PROBLEM:
Find the lines below in which the string "have" occurs. Copy each one.

[Records from a collection]
····················
theorem sufficient_decrease:
  "\<exists>a>0. \<forall>k. frac_obj f g h (x (Suc k)) + ereal (a / 2 * (norm (x (Suc k) - x k))\<^sup>2)
      \<le> frac_obj f g h (x k)"
proof -
  obtain g_min g_max where "g_min > 0" and g_bounds: "\<And>u. u \<in> sublevel \<Longrightarrow> g_min \<le> g u \<and> g u \<le> g_max"
    using g_bounds_on_sublevel by blast
  have "g_max > 0" using g_bounds[OF iterate_sublevel[of 0]] \<open>g_min > 0\<close> by linarith
  have "F_val (x (Suc k)) + decrease_rate / g_max * (norm (x (Suc k) - x k))\<^sup>2 \<le> F_val (x k)" for k
  proof -
    have "decrease_rate * (norm (x (Suc k) - x k))\<^sup>2 / g_max
        \<le> decrease_rate * (norm (x (Suc k) - x k))\<^sup>2 / g (x (Suc k))"
      using g_bounds[OF iterate_sublevel] g_dom_pos[OF iterate_dom] decrease_rate_pos \<open>g_max > 0\<close>
      by (intro divide_left_mono) auto
    with F_val_sufficient_decrease[of k] show ?thesis by simp
  qed
  then show ?thesis
    using decrease_rate_pos \<open>g_max > 0\<close> frac_obj_dom[OF iterate_dom]
    by (intro exI[of _ "2 * decrease_rate / g_max"]) simp
qed

lemma sublevel_subset_cball:
  obtains c R where "sublevel \<subseteq> cball c R"
  using compact_imp_bounded[OF compact_sublevel] unfolding bounded_subset_cball by blast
····················
WRITTEN ANSWER:
  have "g_max > 0" using g_bounds[OF iterate_sublevel[of 0]] \<open>g_min > 0\<close> by linarith
  have "F_val (x (Suc k)) + decrease_rate / g_max * (norm (x (Suc k) - x k))\<^sup>2 \<le> F_val (x k)" for k
    have "decrease_rate * (norm (x (Suc k) - x k))\<^sup>2 / g_max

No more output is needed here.